The NFIB notes the small business community is generally confused by the Affordable Care Act. Only 17% of business owners surveyed say they are very familiar with the law, while 49% say they are only somewhat familiar with ObamaCare. Over 40% of business owners say the media has been the primary source of information.

Posted in Benefits Management

Three Ways Your Company May Be in Violation of Employment Laws

Here are three common ways employers violate employment laws:

1. Misclassifying or Not Classifying Employees under the Fair Labor Standards Act

The Fair Labor Standards Act describes under what set of circumstances an employee meets the requirements to be classified as “exempt” as opposed to be classified as “non-exempt”.

  • Employers are not required to pay exempt employees overtime at the rate of time and ½ for all hours in excess of 40 in an given work week.
  • Employees who are non-exempt must be paid at this rate for all such hours.

The best way for employers to avoid running afoul of the law is to have a formal process in place that it uses to determine what the proper classification is for each of its positions.

2. Failing to Pay Non-Exempt Employees Overtime Because It Was Not Authorized

An employer is required to pay overtime to an exempt employee for hours in excess of 40 in a work week EVEN though the employee worked some hours without authorization from the company.

The existence of a policy prohibiting additional hours of work beyond an employee’s regularly scheduled hours does NOT relieve the employer of this overtime payment obligation.

The best way for an employer to deal with this matter is to have a written policy communicated to all employees. It is important that the policy clearly state that under such circumstances the company will pay overtime at time and ½, but the offending employee will be subject to appropriate disciplinary action, up to and including discharge for repeat offenders.

3. Categorizing Individuals as Independent Contractors Who Are Actually Employees

This subject first amped up the government’s attention to a very high level during the Silicon Valley explosion. It was discovered that a significant number of companies where hiring individuals as independent contractors who in reality where employees. In some instances, the actions were viewed by the government as an attempt by violators to avoid providing of benefits and their incurring the accompanying expenses.Ambrina can be purchased for an average price of $42.00 for a 20-count bottle, as frankkrauseautomotive.com viagra 25 mg opposed to the artificially synthesized ones? Many of these have also been cleared by FDA.

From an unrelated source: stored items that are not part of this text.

(* Let $\mu=\mu_1\otimes\cdots\otimes\mu_n$ be a product probability measure on $\mathbb{R}^n$, where each $\mu_k$ is a probability measure on $\mathbb{R}$ with density $g_k\in L^\infty(\mathbb{R})$. Then for every convex set $A\subset\mathbb{R}^n$, $$\mu^+(\partial A)\leq 2\sum_{k=1}^n\|g_k\|_\infty,$$ and consequently $\Gamma(\mu)\leq 2\sum_{k=1}^n\|g_k\|_\infty$. Moreover, the constant $2$ is optimal (it cannot be replaced by any smaller constant valid for all such product measures).
   Context: $B_2^n$ is the Euclidean unit ball. $\mu^+(\partial A)=\liminf_{\epsilon\to0^+}\frac{\mu((A+\epsilon B_2^n)\setminus A)}{\epsilon}$ and $\Gamma(\mu)=\sup\{\mu^+(\partial A): A \text{ a convex body (compact convex set with nonempty interior)}\}$. *)

theory Defs
  imports "HOL-Probability.Probability"
begin

definition Linf_norm :: "(real \<Rightarrow> real) \<Rightarrow> ereal" where
  "Linf_norm g = esssup lborel (\<lambda>x. ereal \<bar>g x\<bar>)"

definition bounded_prob_density :: "(real \<Rightarrow> real) \<Rightarrow> bool" where
  "bounded_prob_density g \<longleftrightarrow>
     g \<in> borel_measurable borel \<and> (\<forall>x. 0 \<le> g x) \<and>
     prob_space (density lborel (\<lambda>x. ennreal (g x))) \<and> Linf_norm g < \<infinity>"

definition prod_measure_vec :: "('n::finite \<Rightarrow> real measure) \<Rightarrow> (real^'n) measure" where
  "prod_measure_vec M = distr (\<Pi>\<^sub>M i\<in>UNIV. M i) borel (\<lambda>f. \<chi> i. f i)"

definition prod_density_measure :: "('n::finite \<Rightarrow> real \<Rightarrow> real) \<Rightarrow> (real^'n) measure" where
  "prod_density_measure g = prod_measure_vec (\<lambda>k. density lborel (\<lambda>x. ennreal (g k x)))"

definition minkowski_enlarge :: "'a::euclidean_space set \<Rightarrow> real \<Rightarrow> 'a set" where
  "minkowski_enlarge A \<epsilon> = {a + \<epsilon> *\<^sub>R b | a b. a \<in> A \<and> b \<in> cball 0 1}"

text \<open>Surface (outer Minkowski) measure mu^+(boundary A).  The measure of the (possibly
  non-Borel) set (A + eps B) - A is taken in the completion of mu.\<close>
definition boundary_measure :: "'a::euclidean_space measure \<Rightarrow> 'a set \<Rightarrow> ereal" where
  "boundary_measure \<mu> A =
     Liminf (at_right 0) (\<lambda>\<epsilon>. ereal (measure (completion \<mu>) (minkowski_enlarge A \<epsilon> - A) / \<epsilon>))"

definition convex_body :: "'a::euclidean_space set \<Rightarrow> bool" where
  "convex_body A \<longleftrightarrow> compact A \<and> convex A \<and> interior A \<noteq> {}"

An employer’s establishment of an individual’s correct status can be easy to get wrong. This is reflected in the fact that the U.S. Supreme Court has on a number of occasions held that there is no single rule or test for determining whether an individual is an independent contractor or an employee for purposes of the FLSA.

To avoid problems in this area, an employer must be very carefully examine the factors which the Court has considered significant. These include:

1) The extent to which the services rendered are an integral part of the principal’s business

2) The permanency of the relationship

3) The amount of the alleged contractor’s investment in facilities and equipment

4) The nature and degree of control by the principal

5) The alleged contractor’s opportunities for profit and loss

6) The amount of initiative, judgment, or foresight in open market competition with others required for the success of the claimed independent contractor

7) The degree of independent business organization and operation

 

Posted in Talent Acquisition, Executive Search, Employment & Employee Retention

INCENTIVE COMPENSATION-5 MOST COMMON MISTAKES

Incentive compensation can be a great way for an organization to incent employees to work to the best of their individual abilities and to work together collaboratively. Both of these in place greatly enhance an organization’s likelihood of achieving or exceeding its objectives.

However, as LoDico’s Law #2 states, “There are lots of wrong ways to do something that’s right or good.” This certainly applies to incentive compensation plans.

The most common mistakes that organizations make that in turn diminish the value and impact of an incentive compensation plan are:

1) The potential rewards are insufficient to cause employees to be appropriately motivated to strive enthusiastically toward achieving the necessary performance levels to trigger reward payments.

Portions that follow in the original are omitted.